What It's Like to Be a 'High-Functioning' Borderline
When you meet me, you would never know I have a mental health condition. The first inkling might be the numerous self-harm scars on my right arm, but even then they’re faded and old — they could be from years ago. There’s nothing to say I’m suffering now.
And yet, here I am.
I am cheery, I am engaged and I am sociable. I can be perfectly pleasant, and the happy façade is up at all times. I don’t let people see what’s going on in my head. I don’t let anyone but my nearest and dearest see the turmoil going on underneath.
The truth is I am a ship captain navigating the stormiest of seas. It goes up and down, on and on forever. There’s no end in sight, I’m stuck on this boat for the rest of my life it seems. Sometimes things are OK and I feel like it’s smooth sailing, we’ve got flat calm water and then suddenly one thing happens and it’s like I’m trying to stay afloat while dealing with hundred foot waves.

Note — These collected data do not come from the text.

(* The following two statements are equivalent. (P) For any $a\in(0,1)$ and $x\in(\frac12,1]$ there exists $\boldsymbol{\mu}\in\Lambda$ with (i) $\mu_1>\mu_2$, $\mu_1+\mu_2\ge1$, (ii) $\lambda(x,\boldsymbol{\mu})=a$, (iii) $x^\star(\boldsymbol{\mu})<\tilde x$, where $\tilde x=(\frac12+x)/2$. (D) For any $\alpha\in\mathbb{R}$ and $x\in(\frac12,1]$ there exists $\boldsymbol{\xi}=(\xi_1,\xi_2)\in\bar\Lambda$ with $(\bar{\mathrm{i}})$ $\xi_1>\xi_2$ and $\xi_1\ge-\xi_2$, $(\bar{\mathrm{ii}})$ $(1-x)\xi_1+x\xi_2=\alpha$, and $(\bar{\mathrm{iii}})$ $\bar d(\xi_1,(1-\tilde x)\xi_1+\tilde x\xi_2)>\bar d(\xi_2,(1-\tilde x)\xi_1+\tilde x\xi_2)$, where $\tilde x=(\frac12+x)/2$.
   Context: $\Lambda=\{\boldsymbol{\mu}\in(0,1)^2:\mu_1\neq\mu_2\}$. $d(p,q)$ is the Bernoulli Kullback–Leibler divergence. $g(x,\boldsymbol{\mu})=\inf_{\lambda\in(0,1)}[(1-x)d(\lambda,\mu_1)+x\,d(\lambda,\mu_2)]$, $\lambda(x,\boldsymbol{\mu})$ is the minimizing $\lambda$, and $x^\star(\boldsymbol{\mu})=\arg\max_{x\in(0,1)}g(x,\boldsymbol{\mu})$. Let $\phi(\xi)=\log(1+e^\xi)$, so $\phi'(\xi)=\frac{e^\xi}{1+e^\xi}$ is a bijection $\mathbb{R}\to(0,1)$ with inverse $\phi'^{-1}(u)=\log\frac{u}{1-u}$; the natural parameter of $\boldsymbol{\mu}$ is $\boldsymbol{\xi}=(\phi'^{-1}(\mu_1),\phi'^{-1}(\mu_2))$, and $\bar\Lambda=\{\boldsymbol{\xi}\in\mathbb{R}^2:\xi_1\neq\xi_2\}$. The Bregman divergence is $\bar d(\alpha,\beta)=\phi(\alpha)-\phi(\beta)-(\alpha-\beta)\phi'(\beta)$, so that $d(\mu_1,\mu_2)=\bar d(\xi_2,\xi_1)$. *)

theory Defs
  imports Complex_Main
begin

definition kl :: "real \<Rightarrow> real \<Rightarrow> real" where
  "kl p q = p * ln (p / q) + (1 - p) * ln ((1 - p) / (1 - q))"

definition Lambda :: "(real \<times> real) set" where
  "Lambda = {mu. fst mu \<in> {0<..<1} \<and> snd mu \<in> {0<..<1} \<and> fst mu \<noteq> snd mu}"

definition gobj :: "real \<Rightarrow> real \<times> real \<Rightarrow> real \<Rightarrow> real" where
  "gobj x mu l = (1 - x) * kl l (fst mu) + x * kl l (snd mu)"

definition gfun :: "real \<Rightarrow> real \<times> real \<Rightarrow> real" where
  "gfun x mu = (INF l\<in>{0<..<1}. gobj x mu l)"

definition lam :: "real \<Rightarrow> real \<times> real \<Rightarrow> real" where
  "lam x mu = (THE l. l \<in> {0<..<1} \<and> (\<forall>l'\<in>{0<..<1}. gobj x mu l \<le> gobj x mu l'))"

definition xstar :: "real \<times> real \<Rightarrow> real" where
  "xstar mu = (THE x. x \<in> {0<..<1} \<and> (\<forall>y\<in>{0<..<1}. gfun y mu \<le> gfun x mu))"

definition phi :: "real \<Rightarrow> real" where
  "phi \<xi> = ln (1 + exp \<xi>)"

definition phi' :: "real \<Rightarrow> real" where
  "phi' \<xi> = exp \<xi> / (1 + exp \<xi>)"

definition dbar :: "real \<Rightarrow> real \<Rightarrow> real" where
  "dbar a b = phi a - phi b - (a - b) * phi' b"

definition Lambda_bar :: "(real \<times> real) set" where
  "Lambda_bar = {\<xi>. fst \<xi> \<noteq> snd \<xi>}"

end

theory Submission
  imports Defs
begin

text \<open>
  In natural parameters \<mu> = (phi' s1, phi' s2) every Bernoulli divergence is a Bregman divergence
  of phi: kl (phi' e) (phi' s) = dbar s e. So for \<lambda> = phi' t the objective defining g splits
  as the Jensen gap (1 - x) phi s1 + x phi s2 - phi m plus dbar m t, where m = (1 - x) s1 + x s2.
  Hence \<lambda>(x, \<mu>) = phi' m and g(x, \<mu>) is the Jensen gap. Its derivative in x,
  dbar s2 m - dbar s1 m, is strictly decreasing, positive at 0 and negative at 1, so x*(\<mu>) is its
  unique zero and x*(\<mu>) < x~ iff the derivative is negative at x~, which is condition (iii-bar).
  Conditions (i) and (ii) translate because phi' is an increasing bijection onto (0,1) with
  1 - phi' t = phi' (-t).
\<close>

lemma one_plus_exp_gt_zero [simp]: "0 < 1 + exp (t :: real)"
  by (simp add: add_pos_pos)

lemma one_plus_exp_neq_zero [simp]: "1 + exp (t :: real) \<noteq> 0"
  using one_plus_exp_gt_zero by (metis less_irrefl)

lemma phi'_minus: "phi' (- t) = 1 - phi' t"
  unfolding phi'_def by (simp add: exp_minus field_simps)

lemma strict_mono_phi': "strict_mono phi'"
proof (rule strict_monoI)
  fix a b :: real
  assume "a < b"
  have "phi' t = 1 / (1 + exp (- t))" for t
    unfolding phi'_def by (simp add: exp_minus field_simps)
  then show "phi' a < phi' b"
    using \<open>a < b\<close> by (simp add: divide_strict_left_mono)
qed

lemma phi'_less_iff [simp]: "phi' a < phi' b \<longleftrightarrow> a < b"
  using strict_mono_phi' by (rule strict_mono_less)

lemma phi'_eq_iff [simp]: "phi' a = phi' b \<longleftrightarrow> a = b"
  using strict_mono_phi' by (rule strict_mono_eq)

lemma range_phi': "range phi' = {0<..<1}"
proof (intro equalityI subsetI)
  show "u \<in> {0<..<1}" if "u \<in> range phi'" for u
    using that unfolding phi'_def by auto
  show "u \<in> range phi'" if "u \<in> {0<..<1}" for u
  proof
    show "u = phi' (ln (u / (1 - u)))"
      using that unfolding phi'_def by (auto simp: field_simps)
  qed simp
qed

lemma phi'_diff_mult_pos: "a \<noteq> b \<Longrightarrow> 0 < (a - b) * (phi' a - phi' b)"
  by (cases a b rule: linorder_cases) (auto simp: mult_neg_neg)

lemma kl_phi'_phi': "kl (phi' e) (phi' s) = dbar s e"
proof -
  have nonzero: "phi' t \<noteq> 0" "phi' t \<noteq> 1" for t
    using range_phi' by (metis greaterThanLessThan_iff less_irrefl rangeI)+
  have ln_phi': "ln (phi' t) = t - phi t" and ln_one_minus_phi': "ln (1 - phi' t) = - phi t" for t
    unfolding phi'_minus[symmetric] unfolding phi'_def phi_def
    by (simp_all add: ln_div exp_minus field_simps)
  show ?thesis
    unfolding kl_def dbar_def by (simp add: ln_div nonzero ln_phi' ln_one_minus_phi' algebra_simps)
qed

lemma has_real_derivative_phi: "(phi has_real_derivative phi' t) (at t)"
  unfolding phi_def phi'_def
  by (auto intro!: derivative_eq_intros simp: add_pos_pos)

lemma strict_mono_deriv_imp_above_tangent:
  fixes f f' :: "real \<Rightarrow> real"
  assumes deriv: "\<And>t. (f has_real_derivative f' t) (at t)"
    and mono: "strict_mono f'" and "a \<noteq> b"
  shows "f b + (a - b) * f' b < f a"
proof (cases "a < b")
  case True
  then obtain z where "z < b" and "f b - f a = (b - a) * f' z"
    using MVT2[of a b f f'] deriv by blast
  moreover have "f' z < f' b"
    using \<open>z < b\<close> mono by (simp add: strict_mono_less)
  ultimately show ?thesis
    using mult_strict_left_mono[of "f' z" "f' b" "b - a"] True by (simp add: algebra_simps)
next
  case False
  then have "b < a" using \<open>a \<noteq> b\<close> by simp
  then obtain z where "b < z" and "f a - f b = (a - b) * f' z"
    using MVT2[of b a f f'] deriv by blast
  moreover have "f' b < f' z"
    using \<open>b < z\<close> mono by (simp add: strict_mono_less)
  ultimately show ?thesis
    using mult_strict_left_mono[of "f' b" "f' z" "a - b"] \<open>b < a\<close> by (simp add: algebra_simps)
qed

lemma dbar_pos: "a \<noteq> b \<Longrightarrow> 0 < dbar a b"
  using strict_mono_deriv_imp_above_tangent[OF has_real_derivative_phi strict_mono_phi']
  unfolding dbar_def by (simp add: algebra_simps)

lemma dbar_self [simp]: "dbar a a = 0"
  unfolding dbar_def by simp

definition mix :: "real \<Rightarrow> real \<Rightarrow> real \<Rightarrow> real" where
  "mix s1 s2 y = (1 - y) * s1 + y * s2"

definition jensen_gap :: "real \<Rightarrow> real \<Rightarrow> real \<Rightarrow> real" where
  "jensen_gap s1 s2 y = (1 - y) * phi s1 + y * phi s2 - phi (mix s1 s2 y)"

lemma gobj_phi':
  "gobj x (phi' s1, phi' s2) (phi' t) = jensen_gap s1 s2 x + dbar (mix s1 s2 x) t"
  by (simp add: gobj_def kl_phi'_phi' jensen_gap_def mix_def dbar_def algebra_simps)

lemma gobj_phi'_ge: "jensen_gap s1 s2 x \<le> gobj x (phi' s1, phi' s2) (phi' t)"
  using dbar_pos[of "mix s1 s2 x" t] by (cases "mix s1 s2 x = t") (auto simp: gobj_phi')

lemma lam_phi': "lam x (phi' s1, phi' s2) = phi' (mix s1 s2 x)"
  unfolding lam_def range_phi'[symmetric]
proof (rule the_equality)
  show "phi' (mix s1 s2 x) \<in> range phi' \<and>
      (\<forall>l\<in>range phi'. gobj x (phi' s1, phi' s2) (phi' (mix s1 s2 x)) \<le> gobj x (phi' s1, phi' s2) l)"
    using gobj_phi'_ge by (auto simp: gobj_phi')
next
  fix l
  assume l: "l \<in> range phi' \<and> (\<forall>l'\<in>range phi'. gobj x (phi' s1, phi' s2) l \<le> gobj x (phi' s1, phi' s2) l')"
  then obtain t where t: "l = phi' t"
    by blast
  have "gobj x (phi' s1, phi' s2) l \<le> gobj x (phi' s1, phi' s2) (phi' (mix s1 s2 x))"
    using l by blast
  then have "\<not> 0 < dbar (mix s1 s2 x) t"
    by (simp add: t gobj_phi')
  then have "t = mix s1 s2 x"
    using dbar_pos by metis
  then show "l = phi' (mix s1 s2 x)"
    using t by simp
qed

lemma gfun_phi': "gfun x (phi' s1, phi' s2) = jensen_gap s1 s2 x"
  unfolding gfun_def range_phi'[symmetric]
proof (rule cInf_eq_minimum)
  show "jensen_gap s1 s2 x \<in> gobj x (phi' s1, phi' s2) ` range phi'"
    using gobj_phi'[of x s1 s2 "mix s1 s2 x"] by (metis add_0_right dbar_self rangeI image_eqI)
qed (auto intro: gobj_phi'_ge)

lemma jensen_gap_has_derivative:
  "(jensen_gap s1 s2 has_real_derivative dbar s2 (mix s1 s2 y) - dbar s1 (mix s1 s2 y)) (at y)"
proof -
  have "((\<lambda>y. phi (mix s1 s2 y)) has_real_derivative phi' (mix s1 s2 y) * (s2 - s1)) (at y)"
    unfolding mix_def
    by (rule DERIV_chain2[OF has_real_derivative_phi]) (auto intro!: derivative_eq_intros)
  then have "(jensen_gap s1 s2 has_real_derivative
      - phi s1 + phi s2 - phi' (mix s1 s2 y) * (s2 - s1)) (at y)"
    unfolding jensen_gap_def[abs_def] by (auto intro!: derivative_eq_intros)
  moreover have "- phi s1 + phi s2 - phi' (mix s1 s2 y) * (s2 - s1)
      = dbar s2 (mix s1 s2 y) - dbar s1 (mix s1 s2 y)"
    unfolding dbar_def by (simp add: algebra_simps)
  ultimately show ?thesis
    by simp
qed

lemma jensen_gap_deriv_strict_decreasing:
  assumes "s1 \<noteq> s2" and "y < z"
  shows "dbar s2 (mix s1 s2 z) - dbar s1 (mix s1 s2 z) < dbar s2 (mix s1 s2 y) - dbar s1 (mix s1 s2 y)"
proof -
  have diff: "mix s1 s2 z - mix s1 s2 y = (z - y) * (s2 - s1)"
    unfolding mix_def by (simp add: algebra_simps)
  moreover have "(z - y) * (s2 - s1) \<noteq> 0"
    using assms by simp
  ultimately have "mix s1 s2 z \<noteq> mix s1 s2 y"
    by auto
  then have "0 < (z - y) * ((s2 - s1) * (phi' (mix s1 s2 z) - phi' (mix s1 s2 y)))"
    using phi'_diff_mult_pos diff by (metis mult.assoc)
  then have "0 < (s2 - s1) * (phi' (mix s1 s2 z) - phi' (mix s1 s2 y))"
    using assms(2) by (simp add: zero_less_mult_iff)
  then show ?thesis
    unfolding dbar_def by (simp add: algebra_simps)
qed

lemma critical_point_strict_max:
  fixes f f' :: "real \<Rightarrow> real"
  assumes deriv: "\<And>t. (f has_real_derivative f' t) (at t)"
    and decreasing: "\<And>s t. s < t \<Longrightarrow> f' t < f' s"
    and "f' x0 = 0" and "y \<noteq> x0"
  shows "f y < f x0"
proof -
  have cont: "continuous_on {a..b} f" for a b
    using deriv by (blast intro: DERIV_atLeastAtMost_imp_continuous_on)
  show ?thesis
  proof (cases "y < x0")
    case True
    then show ?thesis
      using DERIV_pos_imp_increasing_open[OF True _ cont] deriv decreasing[of _ x0] \<open>f' x0 = 0\<close>
      by fastforce
  next
    case False
    then have "x0 < y"
      using \<open>y \<noteq> x0\<close> by simp
    then show ?thesis
      using DERIV_neg_imp_decreasing_open[OF \<open>x0 < y\<close> _ cont] deriv decreasing[of x0] \<open>f' x0 = 0\<close>
      by fastforce
  qed
qed

text \<open>By kl_phi'_phi', this says d(\<lambda>, \<mu>1) = d(\<lambda>, \<mu>2) for \<lambda> = \<lambda>(x*(\<mu>), \<mu>).\<close>

lemma xstar_phi'_critical:
  assumes "s1 \<noteq> s2"
  shows "dbar s1 (mix s1 s2 (xstar (phi' s1, phi' s2))) = dbar s2 (mix s1 s2 (xstar (phi' s1, phi' s2)))"
proof -
  define D where "D = (\<lambda>y. dbar s2 (mix s1 s2 y) - dbar s1 (mix s1 s2 y))"
  have "0 < D 0" and "D 1 < 0"
    using dbar_pos assms unfolding D_def mix_def by auto
  moreover have "isCont D y" for y
    unfolding D_def dbar_def mix_def phi_def phi'_def by (intro continuous_intros) auto
  ultimately obtain x0 where x0: "0 \<le> x0" "x0 \<le> 1" "D x0 = 0"
    using IVT2[of D 1 0 0] by force
  with \<open>0 < D 0\<close> \<open>D 1 < 0\<close> have x0_in: "x0 \<in> {0<..<1}"
    by (cases "x0 = 0"; cases "x0 = 1") auto
  have max: "jensen_gap s1 s2 y < jensen_gap s1 s2 x0" if "y \<noteq> x0" for y
    using critical_point_strict_max[of "jensen_gap s1 s2" D, OF _ _ \<open>D x0 = 0\<close> that]
      jensen_gap_has_derivative jensen_gap_deriv_strict_decreasing[OF assms]
    unfolding D_def by blast
  have "xstar (phi' s1, phi' s2) = x0"
    unfolding xstar_def gfun_phi'
  proof (rule the_equality)
    show "x0 \<in> {0<..<1} \<and> (\<forall>y\<in>{0<..<1}. jensen_gap s1 s2 y \<le> jensen_gap s1 s2 x0)"
      using x0_in max by (metis order.refl less_imp_le)
  next
    fix x
    assume "x \<in> {0<..<1} \<and> (\<forall>y\<in>{0<..<1}. jensen_gap s1 s2 y \<le> jensen_gap s1 s2 x)"
    then show "x = x0"
      using x0_in max[of x] by fastforce
  qed
  then show ?thesis
    using \<open>D x0 = 0\<close> unfolding D_def by simp
qed

lemma xstar_phi'_less_iff:
  assumes "s1 \<noteq> s2"
  shows "xstar (phi' s1, phi' s2) < t \<longleftrightarrow> dbar s2 (mix s1 s2 t) < dbar s1 (mix s1 s2 t)"
proof -
  let ?x = "xstar (phi' s1, phi' s2)"
  have "dbar s1 (mix s1 s2 ?x) = dbar s2 (mix s1 s2 ?x)"
    by (rule xstar_phi'_critical[OF assms])
  then show ?thesis
    using jensen_gap_deriv_strict_decreasing[OF assms, of ?x t]
      jensen_gap_deriv_strict_decreasing[OF assms, of t ?x]
    by (cases t ?x rule: linorder_cases) auto
qed

lemma Lambda_eq_image: "Lambda = (\<lambda>\<xi>. (phi' (fst \<xi>), phi' (snd \<xi>))) ` Lambda_bar"
  unfolding Lambda_def Lambda_bar_def range_phi'[symmetric] by (force simp: image_iff)

lemma conditions_in_natural_parameters:
  fixes \<xi> :: "real \<times> real"
  defines "mu \<equiv> (phi' (fst \<xi>), phi' (snd \<xi>))"
  shows "(snd mu < fst mu \<and> 1 \<le> fst mu + snd mu \<and> lam x mu = phi' \<alpha> \<and> xstar mu < t)
    \<longleftrightarrow> (snd \<xi> < fst \<xi> \<and> - snd \<xi> \<le> fst \<xi> \<and> (1 - x) * fst \<xi> + x * snd \<xi> = \<alpha> \<and>
      dbar (snd \<xi>) ((1 - t) * fst \<xi> + t * snd \<xi>) < dbar (fst \<xi>) ((1 - t) * fst \<xi> + t * snd \<xi>))"
proof -
  have "1 \<le> phi' (fst \<xi>) + phi' (snd \<xi>) \<longleftrightarrow> - snd \<xi> \<le> fst \<xi>"
    using phi'_less_iff[of "fst \<xi>" "- snd \<xi>"] phi'_minus[of "snd \<xi>"] by linarith
  then show ?thesis
    using xstar_phi'_less_iff[of "fst \<xi>" "snd \<xi>" t]
    unfolding mu_def by (auto simp: lam_phi' mix_def)
qed

theorem mainTheorem3:
  shows "(\<forall>a\<in>{0<..<(1::real)}. \<forall>x\<in>{1/2<..(1::real)}.
            \<exists>mu\<in>Lambda. fst mu > snd mu \<and> fst mu + snd mu \<ge> 1 \<and>
               lam x mu = a \<and> xstar mu < (1/2 + x) / 2)
         \<longleftrightarrow>
         (\<forall>\<alpha>::real. \<forall>x\<in>{1/2<..(1::real)}.
            \<exists>\<xi>\<in>Lambda_bar. fst \<xi> > snd \<xi> \<and> fst \<xi> \<ge> - snd \<xi> \<and>
               (1 - x) * fst \<xi> + x * snd \<xi> = \<alpha> \<and>
               dbar (fst \<xi>) ((1 - (1/2 + x) / 2) * fst \<xi> + ((1/2 + x) / 2) * snd \<xi>)
                 > dbar (snd \<xi>) ((1 - (1/2 + x) / 2) * fst \<xi> + ((1/2 + x) / 2) * snd \<xi>))"
  unfolding Lambda_eq_image range_phi'[symmetric] ball_simps(6,9) bex_simps(7)
    conditions_in_natural_parameters ..

end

Someone gets confrontational with me and at first I’m angry, I’m absolutely furious and then I get depressed. I start to reflect and I think “Well, they’re probably right and I’m a horrible person — in fact I am the worst of people. They had to have a reason for what they said right? I want to self-harm. I want to kill myself.”
I bounce between the fury and the misery constantly for several hours. I cry. I debate over and over again on how to deal with the situation. “What should I say?” I feel sick, physically like I’m going to vomit. The anxiety builds over seeing this person again and I feel like I can’t cope with any of it, with life or with any people.
The worst part of it all is I don’t know what I need from people. I know I am meant to talk about this now, instead of doing the other stuff, instead of doing the self-harm and the rest of it. But what do I say? I don’t know how to get the words out, and I don’t know what I need in return. I don’t know what I want anyone to say or do. I don’t know what is going to make any of this any better.
So I go to sleep, I try to move on. I wake up the next day and I put the face back on, the wall goes up again and here I am. Happy, bubbly, I’ll laugh. I am an absolute wreck of a human being, but it’s all bubbling under the surface. You’ll never see it because I have a smile on my face and a happy disposition.
I’ll be whoever I need to be to get me through the day.
All it takes is one comment, and the smile freezes on my face. Inside the panic has already started, my heart is beginning to race, and the cycle begins all over again.